__DESCRIPTION OF THE TASK__
Filter this listing down to the lines that contain the word "only", and copy them.
++++++++
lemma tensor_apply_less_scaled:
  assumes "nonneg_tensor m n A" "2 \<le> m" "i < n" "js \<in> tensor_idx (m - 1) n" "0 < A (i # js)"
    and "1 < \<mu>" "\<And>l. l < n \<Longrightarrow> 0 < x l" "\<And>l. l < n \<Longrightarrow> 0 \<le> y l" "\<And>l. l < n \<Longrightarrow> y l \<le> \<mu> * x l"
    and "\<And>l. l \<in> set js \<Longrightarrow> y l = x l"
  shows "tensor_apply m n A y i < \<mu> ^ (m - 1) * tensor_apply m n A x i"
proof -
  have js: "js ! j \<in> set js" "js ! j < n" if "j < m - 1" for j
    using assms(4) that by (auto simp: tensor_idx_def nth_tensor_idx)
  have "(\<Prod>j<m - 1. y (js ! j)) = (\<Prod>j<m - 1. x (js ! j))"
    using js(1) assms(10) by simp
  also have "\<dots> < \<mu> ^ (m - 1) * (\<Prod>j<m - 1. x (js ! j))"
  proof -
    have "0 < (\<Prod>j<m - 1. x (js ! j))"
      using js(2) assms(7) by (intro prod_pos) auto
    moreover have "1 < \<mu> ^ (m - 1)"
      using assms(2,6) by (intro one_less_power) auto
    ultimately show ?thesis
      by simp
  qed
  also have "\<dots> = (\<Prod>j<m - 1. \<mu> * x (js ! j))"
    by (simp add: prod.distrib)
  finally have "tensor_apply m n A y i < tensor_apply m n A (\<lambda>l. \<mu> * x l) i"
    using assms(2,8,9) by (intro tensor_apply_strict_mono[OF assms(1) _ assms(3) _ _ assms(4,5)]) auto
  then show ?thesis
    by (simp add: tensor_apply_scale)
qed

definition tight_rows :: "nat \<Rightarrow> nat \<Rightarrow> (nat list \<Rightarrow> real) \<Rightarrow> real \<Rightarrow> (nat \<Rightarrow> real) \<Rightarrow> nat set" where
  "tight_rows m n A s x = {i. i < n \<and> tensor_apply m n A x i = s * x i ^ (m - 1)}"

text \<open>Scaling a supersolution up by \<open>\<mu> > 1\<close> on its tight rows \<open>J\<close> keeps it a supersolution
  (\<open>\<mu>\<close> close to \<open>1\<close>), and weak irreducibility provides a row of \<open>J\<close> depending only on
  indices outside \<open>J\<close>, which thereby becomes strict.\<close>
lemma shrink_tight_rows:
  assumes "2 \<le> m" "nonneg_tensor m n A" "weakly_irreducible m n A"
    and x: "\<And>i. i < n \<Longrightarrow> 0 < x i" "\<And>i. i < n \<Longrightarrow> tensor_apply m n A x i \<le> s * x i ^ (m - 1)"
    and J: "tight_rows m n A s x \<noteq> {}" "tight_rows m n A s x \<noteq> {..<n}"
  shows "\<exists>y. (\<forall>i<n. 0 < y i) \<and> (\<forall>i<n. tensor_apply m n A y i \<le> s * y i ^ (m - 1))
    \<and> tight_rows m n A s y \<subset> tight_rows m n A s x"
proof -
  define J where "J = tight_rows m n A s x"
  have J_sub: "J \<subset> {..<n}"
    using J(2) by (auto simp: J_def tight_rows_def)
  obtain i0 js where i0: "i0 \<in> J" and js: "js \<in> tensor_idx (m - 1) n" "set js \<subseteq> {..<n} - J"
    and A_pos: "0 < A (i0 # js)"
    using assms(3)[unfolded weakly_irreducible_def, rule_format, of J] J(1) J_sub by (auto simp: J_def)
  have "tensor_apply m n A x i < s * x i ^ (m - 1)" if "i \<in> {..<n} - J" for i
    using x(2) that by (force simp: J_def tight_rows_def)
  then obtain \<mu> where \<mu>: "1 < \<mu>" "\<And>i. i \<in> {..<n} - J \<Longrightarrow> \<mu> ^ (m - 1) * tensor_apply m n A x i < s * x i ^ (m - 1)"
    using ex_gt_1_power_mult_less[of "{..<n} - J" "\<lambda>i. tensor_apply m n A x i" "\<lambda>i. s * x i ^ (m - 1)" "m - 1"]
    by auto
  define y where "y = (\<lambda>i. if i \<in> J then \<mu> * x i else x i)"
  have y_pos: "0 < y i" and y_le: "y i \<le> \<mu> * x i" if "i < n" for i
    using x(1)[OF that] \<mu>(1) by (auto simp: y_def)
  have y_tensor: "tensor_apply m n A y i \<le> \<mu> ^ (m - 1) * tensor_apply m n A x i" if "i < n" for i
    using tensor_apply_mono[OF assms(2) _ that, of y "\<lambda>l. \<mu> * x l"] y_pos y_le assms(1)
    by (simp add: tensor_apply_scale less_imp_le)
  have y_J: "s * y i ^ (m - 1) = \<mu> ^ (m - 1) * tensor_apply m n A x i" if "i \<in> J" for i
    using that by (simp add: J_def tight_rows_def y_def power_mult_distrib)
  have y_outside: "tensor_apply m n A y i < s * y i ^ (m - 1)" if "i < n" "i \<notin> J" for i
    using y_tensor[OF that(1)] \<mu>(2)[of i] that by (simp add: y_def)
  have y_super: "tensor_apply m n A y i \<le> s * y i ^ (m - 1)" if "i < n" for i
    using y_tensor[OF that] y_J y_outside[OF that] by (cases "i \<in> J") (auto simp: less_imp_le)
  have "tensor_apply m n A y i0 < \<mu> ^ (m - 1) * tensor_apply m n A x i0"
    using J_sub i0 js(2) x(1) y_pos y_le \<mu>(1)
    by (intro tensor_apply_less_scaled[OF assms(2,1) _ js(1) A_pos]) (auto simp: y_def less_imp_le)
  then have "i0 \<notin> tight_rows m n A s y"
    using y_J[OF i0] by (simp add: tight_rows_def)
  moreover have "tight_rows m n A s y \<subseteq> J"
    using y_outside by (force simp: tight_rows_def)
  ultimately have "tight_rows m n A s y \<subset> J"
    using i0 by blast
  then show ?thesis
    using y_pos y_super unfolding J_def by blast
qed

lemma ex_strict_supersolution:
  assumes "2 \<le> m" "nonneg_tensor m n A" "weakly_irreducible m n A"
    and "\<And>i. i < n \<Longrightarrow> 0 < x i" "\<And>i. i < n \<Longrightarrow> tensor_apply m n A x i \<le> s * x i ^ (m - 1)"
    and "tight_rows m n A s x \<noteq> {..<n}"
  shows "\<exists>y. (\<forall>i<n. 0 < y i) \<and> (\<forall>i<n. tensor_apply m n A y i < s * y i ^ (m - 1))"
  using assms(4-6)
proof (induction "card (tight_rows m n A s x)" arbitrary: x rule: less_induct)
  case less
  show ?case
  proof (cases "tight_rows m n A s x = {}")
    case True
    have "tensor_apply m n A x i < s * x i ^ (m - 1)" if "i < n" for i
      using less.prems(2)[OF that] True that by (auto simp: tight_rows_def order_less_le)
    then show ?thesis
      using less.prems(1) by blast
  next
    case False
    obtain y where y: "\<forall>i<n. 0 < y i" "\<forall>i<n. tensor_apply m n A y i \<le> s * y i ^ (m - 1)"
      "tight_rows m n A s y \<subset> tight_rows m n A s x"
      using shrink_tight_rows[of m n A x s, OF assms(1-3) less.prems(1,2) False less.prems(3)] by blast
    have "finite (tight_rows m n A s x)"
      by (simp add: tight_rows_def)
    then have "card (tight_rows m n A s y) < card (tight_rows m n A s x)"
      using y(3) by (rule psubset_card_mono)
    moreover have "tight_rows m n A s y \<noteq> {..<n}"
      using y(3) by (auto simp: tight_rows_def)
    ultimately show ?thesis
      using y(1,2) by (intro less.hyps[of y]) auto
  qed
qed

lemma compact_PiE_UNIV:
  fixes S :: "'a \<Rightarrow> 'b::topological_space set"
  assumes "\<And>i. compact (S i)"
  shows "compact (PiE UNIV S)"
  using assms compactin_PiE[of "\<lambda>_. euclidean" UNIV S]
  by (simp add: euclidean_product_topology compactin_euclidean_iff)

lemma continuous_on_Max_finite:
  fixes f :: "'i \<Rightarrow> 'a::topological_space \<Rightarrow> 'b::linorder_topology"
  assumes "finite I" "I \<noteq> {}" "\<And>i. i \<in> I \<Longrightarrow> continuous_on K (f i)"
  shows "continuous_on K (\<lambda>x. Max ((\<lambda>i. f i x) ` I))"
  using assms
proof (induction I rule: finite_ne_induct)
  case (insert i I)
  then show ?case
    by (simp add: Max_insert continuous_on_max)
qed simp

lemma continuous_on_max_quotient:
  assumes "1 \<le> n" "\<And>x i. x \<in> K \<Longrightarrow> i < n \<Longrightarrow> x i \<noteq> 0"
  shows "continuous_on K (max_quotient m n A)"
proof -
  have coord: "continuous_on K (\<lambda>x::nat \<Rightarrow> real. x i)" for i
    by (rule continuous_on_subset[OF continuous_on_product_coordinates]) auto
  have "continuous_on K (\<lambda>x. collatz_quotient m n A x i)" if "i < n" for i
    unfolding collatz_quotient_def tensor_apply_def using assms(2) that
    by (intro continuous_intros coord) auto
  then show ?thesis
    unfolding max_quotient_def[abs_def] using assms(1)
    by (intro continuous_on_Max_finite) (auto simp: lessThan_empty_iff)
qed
++++++++
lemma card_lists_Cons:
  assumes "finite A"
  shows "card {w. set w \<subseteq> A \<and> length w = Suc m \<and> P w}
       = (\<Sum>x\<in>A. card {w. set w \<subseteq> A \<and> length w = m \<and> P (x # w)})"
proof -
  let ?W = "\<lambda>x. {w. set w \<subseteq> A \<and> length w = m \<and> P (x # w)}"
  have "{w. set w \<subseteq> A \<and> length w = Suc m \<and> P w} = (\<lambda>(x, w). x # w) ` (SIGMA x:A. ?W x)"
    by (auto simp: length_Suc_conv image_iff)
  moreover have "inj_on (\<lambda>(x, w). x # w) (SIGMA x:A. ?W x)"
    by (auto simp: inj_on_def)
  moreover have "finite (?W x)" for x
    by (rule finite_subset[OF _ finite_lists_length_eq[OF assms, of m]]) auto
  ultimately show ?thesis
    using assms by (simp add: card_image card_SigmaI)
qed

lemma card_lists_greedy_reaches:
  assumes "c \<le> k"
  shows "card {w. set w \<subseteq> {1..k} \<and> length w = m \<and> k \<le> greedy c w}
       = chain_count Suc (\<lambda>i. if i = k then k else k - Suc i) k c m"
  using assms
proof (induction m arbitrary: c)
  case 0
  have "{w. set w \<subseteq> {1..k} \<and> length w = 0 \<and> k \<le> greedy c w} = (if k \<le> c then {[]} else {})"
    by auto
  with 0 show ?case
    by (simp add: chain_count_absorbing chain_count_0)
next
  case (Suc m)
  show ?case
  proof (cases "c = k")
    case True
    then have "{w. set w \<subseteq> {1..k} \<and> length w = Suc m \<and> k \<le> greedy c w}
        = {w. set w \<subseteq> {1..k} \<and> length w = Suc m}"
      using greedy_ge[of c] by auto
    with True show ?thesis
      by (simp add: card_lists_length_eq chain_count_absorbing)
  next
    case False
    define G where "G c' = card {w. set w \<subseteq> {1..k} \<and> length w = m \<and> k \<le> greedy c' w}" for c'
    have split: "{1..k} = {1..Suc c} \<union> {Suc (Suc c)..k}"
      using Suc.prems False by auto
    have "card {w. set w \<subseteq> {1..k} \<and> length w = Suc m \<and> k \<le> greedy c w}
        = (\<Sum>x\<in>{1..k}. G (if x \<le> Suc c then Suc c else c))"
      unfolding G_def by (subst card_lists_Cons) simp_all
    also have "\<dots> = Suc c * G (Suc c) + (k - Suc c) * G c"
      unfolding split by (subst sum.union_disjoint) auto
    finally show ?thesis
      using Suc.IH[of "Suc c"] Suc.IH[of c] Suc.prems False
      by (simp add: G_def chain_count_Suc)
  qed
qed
++++++++
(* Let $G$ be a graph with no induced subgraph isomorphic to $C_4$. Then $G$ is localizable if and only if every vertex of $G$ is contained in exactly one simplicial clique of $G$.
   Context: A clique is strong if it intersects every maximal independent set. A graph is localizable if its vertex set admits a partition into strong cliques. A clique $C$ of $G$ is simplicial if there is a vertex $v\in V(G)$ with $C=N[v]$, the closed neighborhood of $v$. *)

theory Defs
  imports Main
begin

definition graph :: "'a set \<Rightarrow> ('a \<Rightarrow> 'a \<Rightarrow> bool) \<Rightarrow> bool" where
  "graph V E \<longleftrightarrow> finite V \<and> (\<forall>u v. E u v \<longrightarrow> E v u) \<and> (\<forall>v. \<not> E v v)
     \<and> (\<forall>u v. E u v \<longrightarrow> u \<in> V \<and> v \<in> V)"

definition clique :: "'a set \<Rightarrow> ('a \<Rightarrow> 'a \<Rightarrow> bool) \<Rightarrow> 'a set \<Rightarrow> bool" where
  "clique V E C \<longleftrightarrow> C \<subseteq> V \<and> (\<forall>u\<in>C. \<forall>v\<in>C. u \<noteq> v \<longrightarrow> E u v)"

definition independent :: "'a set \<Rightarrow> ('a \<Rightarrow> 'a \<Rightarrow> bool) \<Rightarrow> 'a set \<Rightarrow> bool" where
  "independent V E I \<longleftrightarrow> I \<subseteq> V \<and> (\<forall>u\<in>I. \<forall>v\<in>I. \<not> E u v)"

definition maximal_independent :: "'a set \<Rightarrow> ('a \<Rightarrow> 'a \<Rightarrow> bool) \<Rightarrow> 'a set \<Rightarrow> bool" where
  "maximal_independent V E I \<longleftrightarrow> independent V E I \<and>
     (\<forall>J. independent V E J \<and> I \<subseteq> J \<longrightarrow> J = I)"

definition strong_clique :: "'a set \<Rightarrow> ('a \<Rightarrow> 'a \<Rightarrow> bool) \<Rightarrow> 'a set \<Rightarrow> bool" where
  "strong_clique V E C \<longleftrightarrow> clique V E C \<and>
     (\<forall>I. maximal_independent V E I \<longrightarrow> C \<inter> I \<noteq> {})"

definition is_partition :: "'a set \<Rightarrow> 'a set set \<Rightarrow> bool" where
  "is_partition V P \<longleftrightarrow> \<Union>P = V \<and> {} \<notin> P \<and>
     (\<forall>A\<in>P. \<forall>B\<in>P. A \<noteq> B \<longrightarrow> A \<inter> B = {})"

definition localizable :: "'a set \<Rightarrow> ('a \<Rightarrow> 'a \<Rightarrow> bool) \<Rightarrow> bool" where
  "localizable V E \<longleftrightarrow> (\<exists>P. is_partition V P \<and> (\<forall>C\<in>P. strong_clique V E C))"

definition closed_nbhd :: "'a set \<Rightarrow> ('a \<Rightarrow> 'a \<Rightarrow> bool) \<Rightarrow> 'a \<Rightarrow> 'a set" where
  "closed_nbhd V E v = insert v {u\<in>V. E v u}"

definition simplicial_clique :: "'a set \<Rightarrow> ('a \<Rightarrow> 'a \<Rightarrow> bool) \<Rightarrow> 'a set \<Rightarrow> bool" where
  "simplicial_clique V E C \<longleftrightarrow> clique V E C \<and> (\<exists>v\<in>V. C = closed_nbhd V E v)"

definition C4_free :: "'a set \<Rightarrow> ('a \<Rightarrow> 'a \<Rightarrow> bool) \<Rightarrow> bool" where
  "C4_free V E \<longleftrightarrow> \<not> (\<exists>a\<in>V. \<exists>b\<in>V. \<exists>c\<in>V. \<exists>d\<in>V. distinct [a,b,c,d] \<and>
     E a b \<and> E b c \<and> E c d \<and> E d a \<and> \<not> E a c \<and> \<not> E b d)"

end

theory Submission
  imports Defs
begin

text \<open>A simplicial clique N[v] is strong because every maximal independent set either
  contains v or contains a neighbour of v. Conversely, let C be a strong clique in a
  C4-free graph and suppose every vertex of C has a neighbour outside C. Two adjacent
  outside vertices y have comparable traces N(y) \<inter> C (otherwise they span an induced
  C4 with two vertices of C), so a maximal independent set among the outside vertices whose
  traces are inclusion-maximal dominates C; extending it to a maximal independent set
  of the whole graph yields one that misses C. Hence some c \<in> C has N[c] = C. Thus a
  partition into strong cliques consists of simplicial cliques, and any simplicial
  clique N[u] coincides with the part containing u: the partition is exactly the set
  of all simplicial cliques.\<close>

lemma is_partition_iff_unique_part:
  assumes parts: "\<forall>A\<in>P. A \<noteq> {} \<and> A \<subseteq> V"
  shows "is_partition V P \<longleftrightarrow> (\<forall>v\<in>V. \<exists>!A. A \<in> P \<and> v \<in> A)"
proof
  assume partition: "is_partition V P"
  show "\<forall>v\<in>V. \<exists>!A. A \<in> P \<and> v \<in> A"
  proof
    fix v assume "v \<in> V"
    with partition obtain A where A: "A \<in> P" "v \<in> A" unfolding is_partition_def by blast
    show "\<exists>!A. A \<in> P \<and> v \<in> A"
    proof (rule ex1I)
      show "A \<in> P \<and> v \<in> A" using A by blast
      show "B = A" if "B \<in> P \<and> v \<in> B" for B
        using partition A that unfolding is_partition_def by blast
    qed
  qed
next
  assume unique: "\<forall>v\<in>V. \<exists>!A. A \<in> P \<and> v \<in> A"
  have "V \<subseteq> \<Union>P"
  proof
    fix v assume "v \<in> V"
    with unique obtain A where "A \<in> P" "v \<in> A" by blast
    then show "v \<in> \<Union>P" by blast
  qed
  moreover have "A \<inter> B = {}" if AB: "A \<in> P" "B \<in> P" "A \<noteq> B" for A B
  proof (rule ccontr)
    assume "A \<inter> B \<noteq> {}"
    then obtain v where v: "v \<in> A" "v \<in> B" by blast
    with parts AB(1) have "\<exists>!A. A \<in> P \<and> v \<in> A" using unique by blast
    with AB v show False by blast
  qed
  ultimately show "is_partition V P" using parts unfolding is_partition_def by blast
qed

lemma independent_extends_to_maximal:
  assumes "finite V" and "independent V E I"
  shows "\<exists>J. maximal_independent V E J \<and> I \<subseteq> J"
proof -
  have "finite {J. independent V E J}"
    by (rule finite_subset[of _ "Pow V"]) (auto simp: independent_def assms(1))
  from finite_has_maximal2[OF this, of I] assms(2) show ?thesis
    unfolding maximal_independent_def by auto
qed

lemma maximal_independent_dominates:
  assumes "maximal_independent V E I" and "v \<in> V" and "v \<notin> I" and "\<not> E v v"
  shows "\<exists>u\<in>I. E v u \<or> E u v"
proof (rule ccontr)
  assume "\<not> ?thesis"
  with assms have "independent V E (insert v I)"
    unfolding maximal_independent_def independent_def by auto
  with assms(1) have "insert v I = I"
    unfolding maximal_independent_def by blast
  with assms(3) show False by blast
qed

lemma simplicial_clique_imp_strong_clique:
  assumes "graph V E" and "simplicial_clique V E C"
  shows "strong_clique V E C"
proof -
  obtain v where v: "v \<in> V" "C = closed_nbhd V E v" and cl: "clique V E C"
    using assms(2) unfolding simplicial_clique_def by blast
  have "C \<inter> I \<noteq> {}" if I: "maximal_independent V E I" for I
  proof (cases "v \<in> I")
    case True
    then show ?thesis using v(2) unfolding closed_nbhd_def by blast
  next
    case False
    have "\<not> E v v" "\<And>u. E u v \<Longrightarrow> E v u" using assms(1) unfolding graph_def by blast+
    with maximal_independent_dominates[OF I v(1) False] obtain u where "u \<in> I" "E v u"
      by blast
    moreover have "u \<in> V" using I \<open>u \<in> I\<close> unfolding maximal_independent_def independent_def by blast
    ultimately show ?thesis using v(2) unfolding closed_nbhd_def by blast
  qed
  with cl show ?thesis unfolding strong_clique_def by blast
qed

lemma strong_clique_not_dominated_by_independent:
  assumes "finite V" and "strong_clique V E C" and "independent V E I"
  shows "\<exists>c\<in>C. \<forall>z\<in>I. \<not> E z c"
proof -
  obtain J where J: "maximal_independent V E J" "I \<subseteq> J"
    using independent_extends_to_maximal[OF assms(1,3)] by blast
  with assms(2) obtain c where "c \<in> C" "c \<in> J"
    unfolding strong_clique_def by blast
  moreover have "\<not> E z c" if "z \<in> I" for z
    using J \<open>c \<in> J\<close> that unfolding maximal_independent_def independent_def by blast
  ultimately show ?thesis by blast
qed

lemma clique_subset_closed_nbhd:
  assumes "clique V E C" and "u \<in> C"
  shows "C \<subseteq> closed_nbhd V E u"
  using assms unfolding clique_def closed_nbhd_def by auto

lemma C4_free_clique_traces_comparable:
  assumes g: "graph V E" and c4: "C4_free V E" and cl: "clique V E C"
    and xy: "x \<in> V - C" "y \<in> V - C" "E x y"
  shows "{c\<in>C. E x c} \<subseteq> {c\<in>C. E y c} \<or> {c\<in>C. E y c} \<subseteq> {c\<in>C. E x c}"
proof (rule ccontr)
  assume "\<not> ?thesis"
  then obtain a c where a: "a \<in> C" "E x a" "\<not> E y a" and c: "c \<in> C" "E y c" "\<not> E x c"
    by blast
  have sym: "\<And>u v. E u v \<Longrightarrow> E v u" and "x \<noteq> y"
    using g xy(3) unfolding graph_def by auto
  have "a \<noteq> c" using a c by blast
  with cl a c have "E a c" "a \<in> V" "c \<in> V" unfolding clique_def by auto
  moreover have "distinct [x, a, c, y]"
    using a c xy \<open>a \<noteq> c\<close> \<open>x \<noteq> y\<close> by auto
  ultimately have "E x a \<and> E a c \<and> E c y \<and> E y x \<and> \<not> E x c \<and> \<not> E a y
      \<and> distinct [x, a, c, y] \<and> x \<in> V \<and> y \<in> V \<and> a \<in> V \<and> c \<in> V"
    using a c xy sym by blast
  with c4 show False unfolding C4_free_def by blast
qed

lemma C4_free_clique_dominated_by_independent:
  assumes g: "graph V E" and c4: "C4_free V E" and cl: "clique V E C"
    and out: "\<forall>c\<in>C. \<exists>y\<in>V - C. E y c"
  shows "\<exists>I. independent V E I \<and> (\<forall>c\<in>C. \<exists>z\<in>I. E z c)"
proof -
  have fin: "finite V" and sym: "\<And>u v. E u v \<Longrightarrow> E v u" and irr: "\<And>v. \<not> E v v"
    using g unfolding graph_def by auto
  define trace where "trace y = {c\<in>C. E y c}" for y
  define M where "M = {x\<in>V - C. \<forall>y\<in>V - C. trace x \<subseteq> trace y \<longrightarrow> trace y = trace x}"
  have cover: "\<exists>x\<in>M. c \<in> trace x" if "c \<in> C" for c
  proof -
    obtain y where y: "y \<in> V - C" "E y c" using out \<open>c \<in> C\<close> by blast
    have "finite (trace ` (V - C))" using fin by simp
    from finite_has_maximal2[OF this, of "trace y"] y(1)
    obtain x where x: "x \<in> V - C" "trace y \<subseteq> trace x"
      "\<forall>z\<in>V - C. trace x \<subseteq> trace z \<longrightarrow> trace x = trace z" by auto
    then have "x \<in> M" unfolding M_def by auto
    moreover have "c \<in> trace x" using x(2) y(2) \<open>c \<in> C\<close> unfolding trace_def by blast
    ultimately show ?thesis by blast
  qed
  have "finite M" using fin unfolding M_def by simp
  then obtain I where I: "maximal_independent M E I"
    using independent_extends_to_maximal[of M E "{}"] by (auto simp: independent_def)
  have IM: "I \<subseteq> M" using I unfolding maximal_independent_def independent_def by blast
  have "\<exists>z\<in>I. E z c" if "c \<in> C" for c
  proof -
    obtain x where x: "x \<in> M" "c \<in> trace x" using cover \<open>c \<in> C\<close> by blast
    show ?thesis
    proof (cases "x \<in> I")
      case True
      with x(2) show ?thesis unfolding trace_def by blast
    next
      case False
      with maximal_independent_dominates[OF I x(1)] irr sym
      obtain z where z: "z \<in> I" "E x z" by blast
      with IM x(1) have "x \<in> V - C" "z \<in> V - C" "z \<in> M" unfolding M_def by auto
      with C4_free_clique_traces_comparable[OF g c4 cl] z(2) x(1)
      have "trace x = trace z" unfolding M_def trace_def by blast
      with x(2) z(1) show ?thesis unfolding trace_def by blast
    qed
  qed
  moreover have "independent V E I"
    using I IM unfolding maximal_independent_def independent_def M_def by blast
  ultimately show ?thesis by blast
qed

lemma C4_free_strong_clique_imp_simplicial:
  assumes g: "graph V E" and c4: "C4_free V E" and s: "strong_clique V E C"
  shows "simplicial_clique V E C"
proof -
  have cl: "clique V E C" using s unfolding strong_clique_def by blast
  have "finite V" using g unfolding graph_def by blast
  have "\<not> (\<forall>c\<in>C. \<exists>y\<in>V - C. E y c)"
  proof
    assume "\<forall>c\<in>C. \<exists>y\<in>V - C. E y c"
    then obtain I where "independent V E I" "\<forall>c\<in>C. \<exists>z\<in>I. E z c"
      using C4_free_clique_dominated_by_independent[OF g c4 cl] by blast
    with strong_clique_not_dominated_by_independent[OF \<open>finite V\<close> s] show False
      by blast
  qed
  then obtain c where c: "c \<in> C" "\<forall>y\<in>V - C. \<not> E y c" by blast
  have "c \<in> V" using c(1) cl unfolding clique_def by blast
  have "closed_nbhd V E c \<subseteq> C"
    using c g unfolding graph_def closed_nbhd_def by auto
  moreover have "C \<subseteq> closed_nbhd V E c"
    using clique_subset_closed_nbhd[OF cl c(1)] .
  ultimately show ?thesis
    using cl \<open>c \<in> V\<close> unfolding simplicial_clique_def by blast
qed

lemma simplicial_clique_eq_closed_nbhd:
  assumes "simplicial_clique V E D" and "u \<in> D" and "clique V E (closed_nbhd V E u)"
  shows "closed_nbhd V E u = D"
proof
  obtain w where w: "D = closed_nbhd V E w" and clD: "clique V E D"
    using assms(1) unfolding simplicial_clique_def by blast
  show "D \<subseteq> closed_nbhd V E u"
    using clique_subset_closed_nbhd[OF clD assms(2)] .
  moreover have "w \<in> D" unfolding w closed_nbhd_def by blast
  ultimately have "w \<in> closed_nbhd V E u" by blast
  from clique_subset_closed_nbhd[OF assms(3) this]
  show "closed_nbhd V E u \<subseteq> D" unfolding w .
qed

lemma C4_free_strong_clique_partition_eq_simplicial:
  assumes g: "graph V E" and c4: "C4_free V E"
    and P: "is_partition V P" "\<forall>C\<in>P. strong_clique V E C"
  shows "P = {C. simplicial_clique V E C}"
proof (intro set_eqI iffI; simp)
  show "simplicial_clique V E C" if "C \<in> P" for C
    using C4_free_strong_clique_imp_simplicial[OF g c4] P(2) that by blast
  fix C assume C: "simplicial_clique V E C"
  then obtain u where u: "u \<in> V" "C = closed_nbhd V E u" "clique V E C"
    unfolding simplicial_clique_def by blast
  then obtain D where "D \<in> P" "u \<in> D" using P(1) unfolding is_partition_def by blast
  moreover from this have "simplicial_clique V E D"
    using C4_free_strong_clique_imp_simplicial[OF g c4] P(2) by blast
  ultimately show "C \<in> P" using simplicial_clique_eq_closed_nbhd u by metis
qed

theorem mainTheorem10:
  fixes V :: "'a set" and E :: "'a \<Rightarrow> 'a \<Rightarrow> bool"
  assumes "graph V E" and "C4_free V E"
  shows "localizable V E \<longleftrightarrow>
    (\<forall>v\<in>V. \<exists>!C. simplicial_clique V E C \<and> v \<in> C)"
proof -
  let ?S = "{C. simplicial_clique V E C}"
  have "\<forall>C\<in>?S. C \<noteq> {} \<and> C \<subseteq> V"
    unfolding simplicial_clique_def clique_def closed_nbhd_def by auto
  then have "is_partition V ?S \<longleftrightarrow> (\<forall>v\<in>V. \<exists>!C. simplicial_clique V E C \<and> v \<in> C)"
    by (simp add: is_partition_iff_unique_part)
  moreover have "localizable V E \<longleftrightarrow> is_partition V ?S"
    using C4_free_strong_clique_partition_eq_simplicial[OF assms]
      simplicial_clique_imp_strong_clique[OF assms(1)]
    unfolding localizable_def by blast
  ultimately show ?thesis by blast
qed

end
++++++++
__ANSWER SECTION__
  (\<open>\<mu>\<close> close to \<open>1\<close>), and weak irreducibility provides a row of \<open>J\<close> depending only on
(* Let $G$ be a graph with no induced subgraph isomorphic to $C_4$. Then $G$ is localizable if and only if every vertex of $G$ is contained in exactly one simplicial clique of $G$.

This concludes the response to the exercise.